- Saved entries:
—————

lemma down_flag_tour_interval:
  assumes a: "down_flag a"
  shows "tour_pos (\<alpha> a) < tour_pos a"
    and "x \<in> B \<Longrightarrow> x \<in> flags_below (ed a) \<longleftrightarrow> tour_pos (\<alpha> a) < tour_pos x \<and> tour_pos x \<le> tour_pos a"
proof -
  obtain n where n: "tour_excursion a n" using down_flag_tour_excursion[OF a] ..
  note pos = tour_pos_excursion[OF a n]
  have pos_a: "tour_pos a = n + Suc (tour_pos (\<alpha> a))"
    using pos[of n] n by (simp add: tour_excursion_def)
  then show "tour_pos (\<alpha> a) < tour_pos a" by simp
  assume "x \<in> B"
  show "x \<in> flags_below (ed a) \<longleftrightarrow> tour_pos (\<alpha> a) < tour_pos x \<and> tour_pos x \<le> tour_pos a"
  proof
    assume "x \<in> flags_below (ed a)"
    then obtain j where "j \<le> n" "x = (\<tau> ^^ j) (\<sigma> a)" using n by (auto simp: tour_excursion_def)
    then show "tour_pos (\<alpha> a) < tour_pos x \<and> tour_pos x \<le> tour_pos a" using pos pos_a by simp
  next
    assume between: "tour_pos (\<alpha> a) < tour_pos x \<and> tour_pos x \<le> tour_pos a"
    define j where "j = tour_pos x - Suc (tour_pos (\<alpha> a))"
    have "j \<le> n" using between pos_a unfolding j_def by linarith
    then have "tour_pos ((\<tau> ^^ j) (\<sigma> a)) = tour_pos x" using pos between by (simp add: j_def)
    then have "x = (\<tau> ^^ j) (\<sigma> a)"
      using tour_pos_eq_iff[OF \<open>x \<in> B\<close>] funpow_tour_in sigma_in down_flag_in[OF a] by metis
    then show "x \<in> flags_below (ed a)" using n \<open>j \<le> n\<close> by (auto simp: tour_excursion_def)
  qed
qed
lemma space_cond_space [simp]: "space (cond_space M S s) = space M"
  by (simp add: cond_space_def)

lemma measurable_cond_space [simp]: "measurable (cond_space M S s) N = measurable M N"
  by (rule measurable_cong_sets) simp_all

lemma event_eq_measurable [measurable]:
  "S \<in> borel_measurable M \<Longrightarrow> event_eq M S s \<in> sets M"
  unfolding event_eq_def by measurable

lemma AE_cond_space_iff:
  assumes [measurable]: "S \<in> borel_measurable M"
  shows "(AE \<omega> in cond_space M S s. Q \<omega>) \<longleftrightarrow> (AE \<omega> in M. S \<omega> = s \<longrightarrow> Q \<omega>)"
  unfolding cond_space_def
  by (subst AE_density) (auto simp: event_eq_def indicator_def ennreal_zero_less_divide intro!: AE_cong)

lemma prob_space_cond_space:
  assumes "prob_space M" and [measurable]: "S \<in> borel_measurable M"
    and pos: "measure M (event_eq M S s) > 0"
  shows "prob_space (cond_space M S s)"
proof (rule prob_spaceI)
  interpret prob_space M by fact
  let ?E = "event_eq M S s"
  have "emeasure (cond_space M S s) (space M) = (\<integral>\<^sup>+ \<omega>. indicator ?E \<omega> \<partial>M) / ennreal (measure M ?E)"
    unfolding cond_space_def by (simp add: emeasure_density nn_integral_divide)
  also have "\<dots> = 1"
    using pos by (simp add: emeasure_eq_measure)
  finally show "emeasure (cond_space M S s) (space (cond_space M S s)) = 1" by simp
qed

lemma AE_in_sigma_compact_subset:
  fixes \<rho> :: "'a::{second_countable_topology, complete_space} measure"
  assumes "finite_measure \<rho>" and sets_\<rho>: "sets \<rho> = sets borel"
    and G: "G \<in> sets borel" and AE_G: "AE z in \<rho>. z \<in> G"
  obtains K :: "nat \<Rightarrow> 'a set" where "\<And>n. compact (K n)" "\<And>n. K n \<subseteq> G"
    "AE z in \<rho>. z \<in> (\<Union>n. K n)"
proof -
  interpret finite_measure \<rho> by fact
  let ?C = "{K. K \<subseteq> G \<and> compact K}"
  have inner: "emeasure \<rho> G = (SUP K \<in> ?C. emeasure \<rho> K)"
    using sets_\<rho> G by (intro inner_regular) auto
  have "{} \<in> ?C"
    by simp
  then obtain f :: "nat \<Rightarrow> ennreal" where f: "range f \<subseteq> emeasure \<rho> ` ?C" "(SUP K \<in> ?C. emeasure \<rho> K) = (SUP n. f n)"
    using ennreal_SUP_countable_SUP[of ?C "emeasure \<rho>"] by blast
  then have "\<forall>n. \<exists>K. K \<in> ?C \<and> f n = emeasure \<rho> K"
    by blast
  then obtain K where "\<forall>n. K n \<in> ?C \<and> f n = emeasure \<rho> (K n)"
    by (rule choice[THEN exE])
  then have K: "\<And>n. K n \<in> ?C" "\<And>n. f n = emeasure \<rho> (K n)"
    by auto
  have K_sets: "K n \<in> sets \<rho>" for n
    using K(1)[of n] sets_\<rho> by (auto intro: borel_closed compact_imp_closed)
  have "emeasure \<rho> G \<le> emeasure \<rho> (\<Union>n. K n)"
    unfolding inner f(2) K(2) using K_sets by (intro SUP_least emeasure_mono) auto
  moreover have "emeasure \<rho> (\<Union>n. K n) \<le> emeasure \<rho> G"
    using K(1) K_sets G sets_\<rho> by (intro emeasure_mono) auto
  ultimately have "emeasure \<rho> G = emeasure \<rho> (\<Union>n. K n)"
    by (rule antisym)
  then have "emeasure \<rho> (G - (\<Union>n. K n)) = 0"
    using K(1) K_sets G sets_\<rho> by (subst emeasure_Diff) auto
  then have "AE z in \<rho>. z \<notin> G - (\<Union>n. K n)"
    using K_sets G sets_\<rho> by (intro AE_not_in) (auto intro: null_setsI)
  with AE_G have "AE z in \<rho>. z \<in> (\<Union>n. K n)"
    by eventually_elim blast
  then show ?thesis
    using K(1) that by blast
qed
text \<open>The join-irreducible ideals are exactly the principal ones.\<close>

lemma unique_ideal_cover_iff:
  assumes I: "fence_ideal b M I"
  shows "(\<exists>!J. unlabelled_arc {I. fence_ideal b M I} (ideal_cover b) I J) \<longleftrightarrow>
    I \<in> fence_down b M ` {1..M}"
proof -
  have "{J. unlabelled_arc {I. fence_ideal b M I} (ideal_cover b) I J} =
      (\<lambda>p. I - {p}) ` {p. removable b M I p}"
    using I by (auto simp: unlabelled_ideal_cover_iff)
  moreover have "inj_on (\<lambda>p. I - {p}) {p. removable b M I p}"
    by (auto simp: inj_on_def removable_def)
  ultimately have "(\<exists>!J. unlabelled_arc {I. fence_ideal b M I} (ideal_cover b) I J) \<longleftrightarrow>
      (\<exists>!p. removable b M I p)"
    unfolding ex1_iff_card_eq_1 by (simp add: card_image)
  also have "\<dots> \<longleftrightarrow> I \<in> fence_down b M ` {1..M}"
  proof
    assume "\<exists>!p. removable b M I p"
    then obtain p where p: "removable b M I p" and "\<And>p'. removable b M I p' \<Longrightarrow> p' = p" by blast
    then have "I = fence_down b M p" by (rule fence_ideal_eq_fence_down[OF I])
    moreover have "p \<in> {1..M}" using p fence_ideal_subset[OF I] by (auto simp: removable_def)
    ultimately show "I \<in> fence_down b M ` {1..M}" by blast
  qed (auto simp: removable_fence_down_iff)
  finally show ?thesis .
qed

lemma mem_fence_down_iff_subset:
  "q \<in> {1..M} \<Longrightarrow> q \<in> fence_down b M p \<longleftrightarrow> fence_down b M q \<subseteq> fence_down b M p"
  using fence_down_least[OF fence_ideal_fence_down] fence_down_self by blast
(* Let $(S,K,I)$ be a split graph. If the factor graph $\Phi(S)$ is connected, then its diameter is at most $\lceil(\deg(S)+1)/2\rceil$.
   Context: A split graph $(S,K,I)$ is a graph $S$ together with a fixed partition $V(S)=K\dot\cup I$, where $K$ is a clique and $I$ is an independent set. For a vertex $v$ of $S$, $N_v$ denotes its open neighborhood in $S$ and $d_v=|N_v|$; $\eta_{uv}=|N_u\cap N_v|$. A 2-switch in $S$ replaces edges $ab,cd$ with $ac,bd$ when $ab,cd\in E(S)$ and $ac,bd\notin E(S)$. The factor graph $\Phi(S)$ is the loopless multigraph with vertex set $I$ in which, for distinct $u,v\in I$, there is one edge joining $u$ and $v$ for each 2-switch of $S$ acting on $u$ and $v$; equivalently, the multiplicity of $uv$ is $\sigma_{uv}=(d_u-\eta_{uv})(d_v-\eta_{uv})$. The 2-switch-degree $\deg(S)$ is the number of 2-switches acting on $S$, which equals the number of edges of $\Phi(S)$ counted with multiplicity, i.e. $\sum_{\{u,v\}\subseteq I}\sigma_{uv}$. Distances (and hence the diameter) in $\Phi(S)$ are measured ignoring edge multiplicities, i.e. as in the underlying simple graph. *)

theory Defs
  imports Complex_Main
begin

definition split_graph :: "'a set \<Rightarrow> ('a \<Rightarrow> 'a \<Rightarrow> bool) \<Rightarrow> 'a set \<Rightarrow> 'a set \<Rightarrow> bool" where
  "split_graph V E K I \<longleftrightarrow>
     finite V \<and>
     (\<forall>u v. E u v \<longrightarrow> u \<in> V \<and> v \<in> V) \<and>
     (\<forall>u v. E u v \<longrightarrow> E v u) \<and>
     (\<forall>v. \<not> E v v) \<and>
     K \<union> I = V \<and> K \<inter> I = {} \<and>
     (\<forall>u\<in>K. \<forall>v\<in>K. u \<noteq> v \<longrightarrow> E u v) \<and>
     (\<forall>u\<in>I. \<forall>v\<in>I. \<not> E u v)"

definition nbhd :: "'a set \<Rightarrow> ('a \<Rightarrow> 'a \<Rightarrow> bool) \<Rightarrow> 'a \<Rightarrow> 'a set" where
  "nbhd V E v = {w \<in> V. E v w}"

definition vdeg :: "'a set \<Rightarrow> ('a \<Rightarrow> 'a \<Rightarrow> bool) \<Rightarrow> 'a \<Rightarrow> nat" where
  "vdeg V E v = card (nbhd V E v)"

definition eta :: "'a set \<Rightarrow> ('a \<Rightarrow> 'a \<Rightarrow> bool) \<Rightarrow> 'a \<Rightarrow> 'a \<Rightarrow> nat" where
  "eta V E u v = card (nbhd V E u \<inter> nbhd V E v)"

text \<open>Multiplicity of the edge uv in the factor graph: sigma_uv = (d_u - eta_uv)(d_v - eta_uv).\<close>
definition sigma :: "'a set \<Rightarrow> ('a \<Rightarrow> 'a \<Rightarrow> bool) \<Rightarrow> 'a \<Rightarrow> 'a \<Rightarrow> nat" where
  "sigma V E u v = (vdeg V E u - eta V E u v) * (vdeg V E v - eta V E u v)"

text \<open>2-switch-degree: sum of sigma over unordered pairs {u,v} of distinct vertices of I.
Since sigma is symmetric in u,v, this is half the sum over ordered pairs.\<close>
definition switch_deg :: "'a set \<Rightarrow> ('a \<Rightarrow> 'a \<Rightarrow> bool) \<Rightarrow> 'a set \<Rightarrow> nat" where
  "switch_deg V E I = (\<Sum>u\<in>I. \<Sum>v\<in>I. if u \<noteq> v then sigma V E u v else 0) div 2"

text \<open>Adjacency in the underlying simple graph of the factor graph Phi(S), on vertex set I.\<close>
definition factor_adj :: "'a set \<Rightarrow> ('a \<Rightarrow> 'a \<Rightarrow> bool) \<Rightarrow> 'a set \<Rightarrow> ('a \<times> 'a) set" where
  "factor_adj V E I = {(u, v). u \<in> I \<and> v \<in> I \<and> u \<noteq> v \<and> sigma V E u v > 0}"

definition factor_connected :: "'a set \<Rightarrow> ('a \<Rightarrow> 'a \<Rightarrow> bool) \<Rightarrow> 'a set \<Rightarrow> bool" where
  "factor_connected V E I \<longleftrightarrow> (\<forall>u\<in>I. \<forall>v\<in>I. (u, v) \<in> (factor_adj V E I)\<^sup>*)"

definition factor_dist :: "'a set \<Rightarrow> ('a \<Rightarrow> 'a \<Rightarrow> bool) \<Rightarrow> 'a set \<Rightarrow> 'a \<Rightarrow> 'a \<Rightarrow> nat" where
  "factor_dist V E I u v = (LEAST n. (u, v) \<in> (factor_adj V E I) ^^ n)"

definition factor_diam :: "'a set \<Rightarrow> ('a \<Rightarrow> 'a \<Rightarrow> bool) \<Rightarrow> 'a set \<Rightarrow> nat" where
  "factor_diam V E I = Max (insert 0 {factor_dist V E I u v | u v. u \<in> I \<and> v \<in> I})"

end

theory Submission
  imports Defs
begin

text \<open>Take a shortest path \<open>p\<^sub>0 \<dots> p\<^sub>D\<close> in \<open>\<Phi>(S)\<close>. Since \<open>\<sigma>\<^sub>u\<^sub>v > 0\<close> exactly when the
neighbourhoods of \<open>u\<close> and \<open>v\<close> are not nested, consecutive path vertices have non-nested
neighbourhoods while vertices two or more steps apart have nested ones. If an inner edge
\<open>p\<^sub>i p\<^sub>i\<^sub>+\<^sub>1\<close> had \<open>\<sigma> = 1\<close>, the two neighbourhoods would differ by exchanging a single vertex,
which is incompatible with the nestedness relations to \<open>p\<^sub>i\<^sub>-\<^sub>1\<close> and \<open>p\<^sub>i\<^sub>+\<^sub>2\<close>. Hence inner edges
have \<open>\<sigma> \<ge> 2\<close> and the two end edges \<open>\<sigma> \<ge> 1\<close>, so \<open>deg(S) \<ge> 2D - 2\<close>.\<close>

definition nested :: "'a set \<Rightarrow> 'a set \<Rightarrow> bool" where
  "nested A B \<longleftrightarrow> A \<subseteq> B \<or> B \<subseteq> A"

lemma finite_nbhd: "finite V \<Longrightarrow> finite (nbhd V E v)"
  unfolding nbhd_def by simp

lemma sigma_eq_card_Diff:
  assumes "finite V"
  shows "sigma V E u v = card (nbhd V E u - nbhd V E v) * card (nbhd V E v - nbhd V E u)"
  using finite_nbhd[OF assms]
  by (simp add: sigma_def vdeg_def eta_def card_Diff_subset_Int Int_commute)

lemma sigma_commute: "sigma V E u v = sigma V E v u"
  unfolding sigma_def eta_def by (simp add: Int_commute)

lemma sigma_pos_iff_not_nested:
  assumes "finite V"
  shows "0 < sigma V E u v \<longleftrightarrow> \<not> nested (nbhd V E u) (nbhd V E v)"
  using finite_nbhd[OF assms]
  by (auto simp: sigma_eq_card_Diff[OF assms] card_gt_0_iff nested_def)

lemma two_le_card_Diff_mult:
  assumes "finite B" "finite C"
    and AB: "\<not> nested A B" and BC: "\<not> nested B C" and CD: "\<not> nested C D"
    and AC: "nested A C" and BD: "nested B D" and AD: "nested A D"
  shows "2 \<le> card (B - C) * card (C - B)"
proof (rule ccontr)
  assume "\<not> ?thesis"
  moreover have "card (B - C) > 0" "card (C - B) > 0"
    using BC assms(1,2) unfolding nested_def by (auto simp: card_gt_0_iff)
  ultimately have "card (B - C) = 1 \<and> card (C - B) = 1"
    by (cases "card (B - C)"; cases "card (C - B)") auto
  then obtain a b where "B - C = {a}" and "C - B = {b}"
    by (auto simp: card_1_singleton_iff)
  then have a: "a \<in> B" "a \<notin> C" "\<And>x. x \<in> B \<Longrightarrow> x \<notin> C \<Longrightarrow> x = a"
    and b: "b \<in> C" "b \<notin> B" "\<And>x. x \<in> C \<Longrightarrow> x \<notin> B \<Longrightarrow> x = b"
    by auto
  have "b \<in> A"
    using AC AB b unfolding nested_def by blast
  moreover have "a \<notin> A"
    using AC AB a unfolding nested_def by blast
  moreover have "a \<in> D"
    using BD CD a unfolding nested_def by blast
  moreover have "b \<notin> D"
    using BD CD b unfolding nested_def by blast
  ultimately show False
    using AD unfolding nested_def by blast
qed

lemma relpow_walk_segment:
  assumes "\<forall>k<n. (p k, p (Suc k)) \<in> R" "i \<le> j" "j \<le> n"
  shows "(p i, p j) \<in> R ^^ (j - i)"
  unfolding relpow_fun_conv
  by (rule exI[of _ "\<lambda>k. p (k + i)"]) (use assms in auto)

lemma shortest_walk_no_shortcut:
  assumes walk: "\<forall>k<D. (p k, p (Suc k)) \<in> R"
    and shortest: "\<And>n. n < D \<Longrightarrow> (p 0, p D) \<notin> R ^^ n"
    and "i \<le> j" "j \<le> D" and shortcut: "(p i, p j) \<in> R ^^ k"
  shows "j - i \<le> k"
proof -
  have "(p 0, p i) \<in> R ^^ i" "(p j, p D) \<in> R ^^ (D - j)"
    using relpow_walk_segment[OF walk, of 0 i] relpow_walk_segment[OF walk, of j D] assms(3,4)
    by simp_all
  with shortcut have "(p 0, p D) \<in> R ^^ (i + k + (D - j))"
    unfolding relpow_add by blast
  then have "\<not> i + k + (D - j) < D"
    using shortest by blast
  then show ?thesis
    using assms(3,4) by linarith
qed

lemma factor_shortest_walk:
  fixes V I :: "'a set" and E :: "'a \<Rightarrow> 'a \<Rightarrow> bool" and u v :: 'a
  defines "D \<equiv> factor_dist V E I u v"
  assumes "finite V" "v \<in> I" "(u, v) \<in> (factor_adj V E I)\<^sup>*"
  obtains p where "p 0 = u" "p D = v" "p ` {..D} \<subseteq> I" "inj_on p {..D}"
    "\<And>i. i < D \<Longrightarrow> 0 < sigma V E (p i) (p (Suc i))"
    "\<And>i j. i + 2 \<le> j \<Longrightarrow> j \<le> D \<Longrightarrow> nested (nbhd V E (p i)) (nbhd V E (p j))"
proof -
  let ?R = "factor_adj V E I"
  obtain m where "(u, v) \<in> ?R ^^ m"
    using assms(4) by (auto simp: rtrancl_power)
  then have "(u, v) \<in> ?R ^^ D"
    unfolding D_def factor_dist_def by (rule LeastI)
  then obtain p where p0: "p 0 = u" and pD: "p D = v" and walk: "\<forall>i<D. (p i, p (Suc i)) \<in> ?R"
    by (auto simp: relpow_fun_conv)
  have shortest: "(p 0, p D) \<notin> ?R ^^ n" if "n < D" for n
    using not_less_Least[OF that[unfolded D_def factor_dist_def]] p0 pD D_def factor_dist_def by simp
  note no_shortcut = shortest_walk_no_shortcut[OF walk shortest]
  show thesis
  proof
    show "p ` {..D} \<subseteq> I"
      using walk pD assms(3) unfolding factor_adj_def by (auto simp: le_eq_less_or_eq)
    then have in_I: "p i \<in> I" if "i \<le> D" for i
      using that by auto
    show "inj_on p {..D}"
    proof (rule linorder_inj_onI)
      show "p i \<noteq> p j" if "i < j" "j \<in> {..D}" for i j
        using no_shortcut[of i j 0] that by auto
    qed auto
    show "0 < sigma V E (p i) (p (Suc i))" if "i < D" for i
      using walk that unfolding factor_adj_def by simp
    show "nested (nbhd V E (p i)) (nbhd V E (p j))" if "i + 2 \<le> j" "j \<le> D" for i j
    proof -
      have "(p i, p j) \<notin> ?R"
        using no_shortcut[of i j 1] that by auto
      moreover have "p i \<noteq> p j"
        using no_shortcut[of i j 0] that by auto
      ultimately show ?thesis
        using in_I that
        by (auto simp: factor_adj_def sigma_pos_iff_not_nested[OF assms(2)])
    qed
  qed (use p0 pD in auto)
qed

lemma path_weight_le_pair_sum:
  fixes w :: "'a \<Rightarrow> 'a \<Rightarrow> nat"
  assumes "finite I" "p ` {..D} \<subseteq> I" "inj_on p {..D}" "\<And>x y. w x y = w y x"
  shows "2 * (\<Sum>i<D. w (p i) (p (Suc i))) \<le> (\<Sum>x\<in>I. \<Sum>y\<in>I. if x \<noteq> y then w x y else 0)"
proof -
  define f where "f = (\<lambda>(x, y). if x \<noteq> y then w x y else 0)"
  define fwd where "fwd = (\<lambda>i. (p i, p (Suc i))) ` {..<D}"
  define bwd where "bwd = (\<lambda>i. (p (Suc i), p i)) ` {..<D}"
  have inj: "p i = p j \<longleftrightarrow> i = j" if "i \<le> D" "j \<le> D" for i j
    using assms(3) that by (auto dest: inj_onD)
  have "sum f fwd = (\<Sum>i<D. w (p i) (p (Suc i)))"
    unfolding fwd_def f_def
    by (subst sum.reindex) (auto intro!: inj_onI sum.cong simp: inj)
  moreover have "sum f bwd = (\<Sum>i<D. w (p i) (p (Suc i)))"
    unfolding bwd_def f_def
    by (subst sum.reindex) (auto intro!: inj_onI sum.cong simp: inj assms(4))
  moreover have "fwd \<inter> bwd = {}"
    unfolding fwd_def bwd_def by (auto simp: inj)
  moreover have "sum f (fwd \<union> bwd) \<le> sum f (I \<times> I)"
    using assms(1,2) by (intro sum_mono2) (auto simp: fwd_def bwd_def)
  ultimately show ?thesis
    unfolding f_def by (simp add: sum.union_disjoint fwd_def bwd_def sum.cartesian_product)
qed

lemma double_le_sum_interior_twos:
  fixes s :: "nat \<Rightarrow> nat"
  assumes "\<And>i. i < D \<Longrightarrow> 1 \<le> s i" "\<And>i. 0 < i \<Longrightarrow> i + 2 \<le> D \<Longrightarrow> 2 \<le> s i"
  shows "2 * D \<le> (\<Sum>i<D. s i) + 2"
proof (cases "D = 0")
  case False
  have "2 * D = (\<Sum>i<D. 2::nat)"
    by simp
  also have "\<dots> \<le> (\<Sum>i<D. s i + (if i = 0 then 1 else 0) + (if i = D - 1 then 1 else 0))"
    using assms by (intro sum_mono) fastforce
  also have "\<dots> = (\<Sum>i<D. s i) + 2"
    using False by (simp add: sum.distrib)
  finally show ?thesis .
qed simp

lemma factor_dist_bound:
  assumes "finite V" "I \<subseteq> V" "v \<in> I" "(u, v) \<in> (factor_adj V E I)\<^sup>*"
  shows "2 * factor_dist V E I u v \<le> switch_deg V E I + 2"
proof -
  define D where "D = factor_dist V E I u v"
  obtain p where "p ` {..D} \<subseteq> I" "inj_on p {..D}"
    and edge: "\<And>i. i < D \<Longrightarrow> 0 < sigma V E (p i) (p (Suc i))"
    and far: "\<And>i j. i + 2 \<le> j \<Longrightarrow> j \<le> D \<Longrightarrow> nested (nbhd V E (p i)) (nbhd V E (p j))"
    using factor_shortest_walk[OF assms(1,3,4)] unfolding D_def by metis
  define s where "s i = sigma V E (p i) (p (Suc i))" for i
  have adjacent: "\<not> nested (nbhd V E (p i)) (nbhd V E (p (Suc i)))" if "i < D" for i
    using edge[OF that] by (simp add: sigma_pos_iff_not_nested[OF assms(1)])
  have "2 \<le> s i" if "0 < i" "i + 2 \<le> D" for i
  proof -
    obtain j where i: "i = Suc j"
      using \<open>0 < i\<close> gr0_implies_Suc by blast
    have "2 \<le> card (nbhd V E (p i) - nbhd V E (p (Suc i))) * card (nbhd V E (p (Suc i)) - nbhd V E (p i))"
      using that unfolding i
      by (intro two_le_card_Diff_mult[where A = "nbhd V E (p j)" and D = "nbhd V E (p (Suc (Suc (Suc j))))"]
          finite_nbhd[OF assms(1)] adjacent far) auto
    then show ?thesis
      unfolding s_def sigma_eq_card_Diff[OF assms(1)] .
  qed
  then have "2 * D \<le> (\<Sum>i<D. s i) + 2"
    using edge unfolding s_def by (intro double_le_sum_interior_twos) (auto simp: Suc_le_eq)
  moreover have "2 * (\<Sum>i<D. s i) \<le> (\<Sum>x\<in>I. \<Sum>y\<in>I. if x \<noteq> y then sigma V E x y else 0)"
    unfolding s_def using assms(1,2) \<open>p ` {..D} \<subseteq> I\<close> \<open>inj_on p {..D}\<close>
    by (intro path_weight_le_pair_sum) (auto intro: finite_subset sigma_commute)
  ultimately show ?thesis
    unfolding D_def switch_deg_def by linarith
qed

lemma factor_diam_le:
  assumes "finite I" "\<And>u v. u \<in> I \<Longrightarrow> v \<in> I \<Longrightarrow> factor_dist V E I u v \<le> m"
  shows "factor_diam V E I \<le> m"
proof -
  have "{factor_dist V E I u v | u v. u \<in> I \<and> v \<in> I} = (\<lambda>(u, v). factor_dist V E I u v) ` (I \<times> I)"
    by auto
  then show ?thesis
    unfolding factor_diam_def using assms by (auto simp: Max_le_iff)
qed

lemma ceiling_half_Suc: "\<lceil>(real n + 1) / 2\<rceil> = int ((n + 2) div 2)"
  by (cases "even n") (auto simp: ceiling_eq_iff elim!: evenE oddE)

theorem theorem4p7:
  fixes V K I :: "'a set" and E :: "'a \<Rightarrow> 'a \<Rightarrow> bool"
  assumes "split_graph V E K I"
    and "factor_connected V E I"
  shows "real (factor_diam V E I) \<le> real_of_int \<lceil>(real (switch_deg V E I) + 1) / 2\<rceil>"
proof -
  have "finite V" "I \<subseteq> V"
    using assms(1) unfolding split_graph_def by auto
  have "factor_dist V E I u v \<le> (switch_deg V E I + 2) div 2" if "u \<in> I" "v \<in> I" for u v
    using factor_dist_bound[OF \<open>finite V\<close> \<open>I \<subseteq> V\<close> \<open>v \<in> I\<close>] assms(2) that
    unfolding factor_connected_def by fastforce
  then have "factor_diam V E I \<le> (switch_deg V E I + 2) div 2"
    using \<open>finite V\<close> \<open>I \<subseteq> V\<close> by (intro factor_diam_le) (auto intro: finite_subset)
  then show ?thesis
    by (simp add: ceiling_half_Suc)
qed

end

—————

- Your objective: Transcribe the entries above word for word, from the first line through the line containing "by (rule measurable_cong_sets) simp_all", and nothing else.

- Answer box:
lemma down_flag_tour_interval:
  assumes a: "down_flag a"
  shows "tour_pos (\<alpha> a) < tour_pos a"
    and "x \<in> B \<Longrightarrow> x \<in> flags_below (ed a) \<longleftrightarrow> tour_pos (\<alpha> a) < tour_pos x \<and> tour_pos x \<le> tour_pos a"
proof -
  obtain n where n: "tour_excursion a n" using down_flag_tour_excursion[OF a] ..
  note pos = tour_pos_excursion[OF a n]
  have pos_a: "tour_pos a = n + Suc (tour_pos (\<alpha> a))"
    using pos[of n] n by (simp add: tour_excursion_def)
  then show "tour_pos (\<alpha> a) < tour_pos a" by simp
  assume "x \<in> B"
  show "x \<in> flags_below (ed a) \<longleftrightarrow> tour_pos (\<alpha> a) < tour_pos x \<and> tour_pos x \<le> tour_pos a"
  proof
    assume "x \<in> flags_below (ed a)"
    then obtain j where "j \<le> n" "x = (\<tau> ^^ j) (\<sigma> a)" using n by (auto simp: tour_excursion_def)
    then show "tour_pos (\<alpha> a) < tour_pos x \<and> tour_pos x \<le> tour_pos a" using pos pos_a by simp
  next
    assume between: "tour_pos (\<alpha> a) < tour_pos x \<and> tour_pos x \<le> tour_pos a"
    define j where "j = tour_pos x - Suc (tour_pos (\<alpha> a))"
    have "j \<le> n" using between pos_a unfolding j_def by linarith
    then have "tour_pos ((\<tau> ^^ j) (\<sigma> a)) = tour_pos x" using pos between by (simp add: j_def)
    then have "x = (\<tau> ^^ j) (\<sigma> a)"
      using tour_pos_eq_iff[OF \<open>x \<in> B\<close>] funpow_tour_in sigma_in down_flag_in[OF a] by metis
    then show "x \<in> flags_below (ed a)" using n \<open>j \<le> n\<close> by (auto simp: tour_excursion_def)
  qed
qed
lemma space_cond_space [simp]: "space (cond_space M S s) = space M"
  by (simp add: cond_space_def)

lemma measurable_cond_space [simp]: "measurable (cond_space M S s) N = measurable M N"
  by (rule measurable_cong_sets) simp_all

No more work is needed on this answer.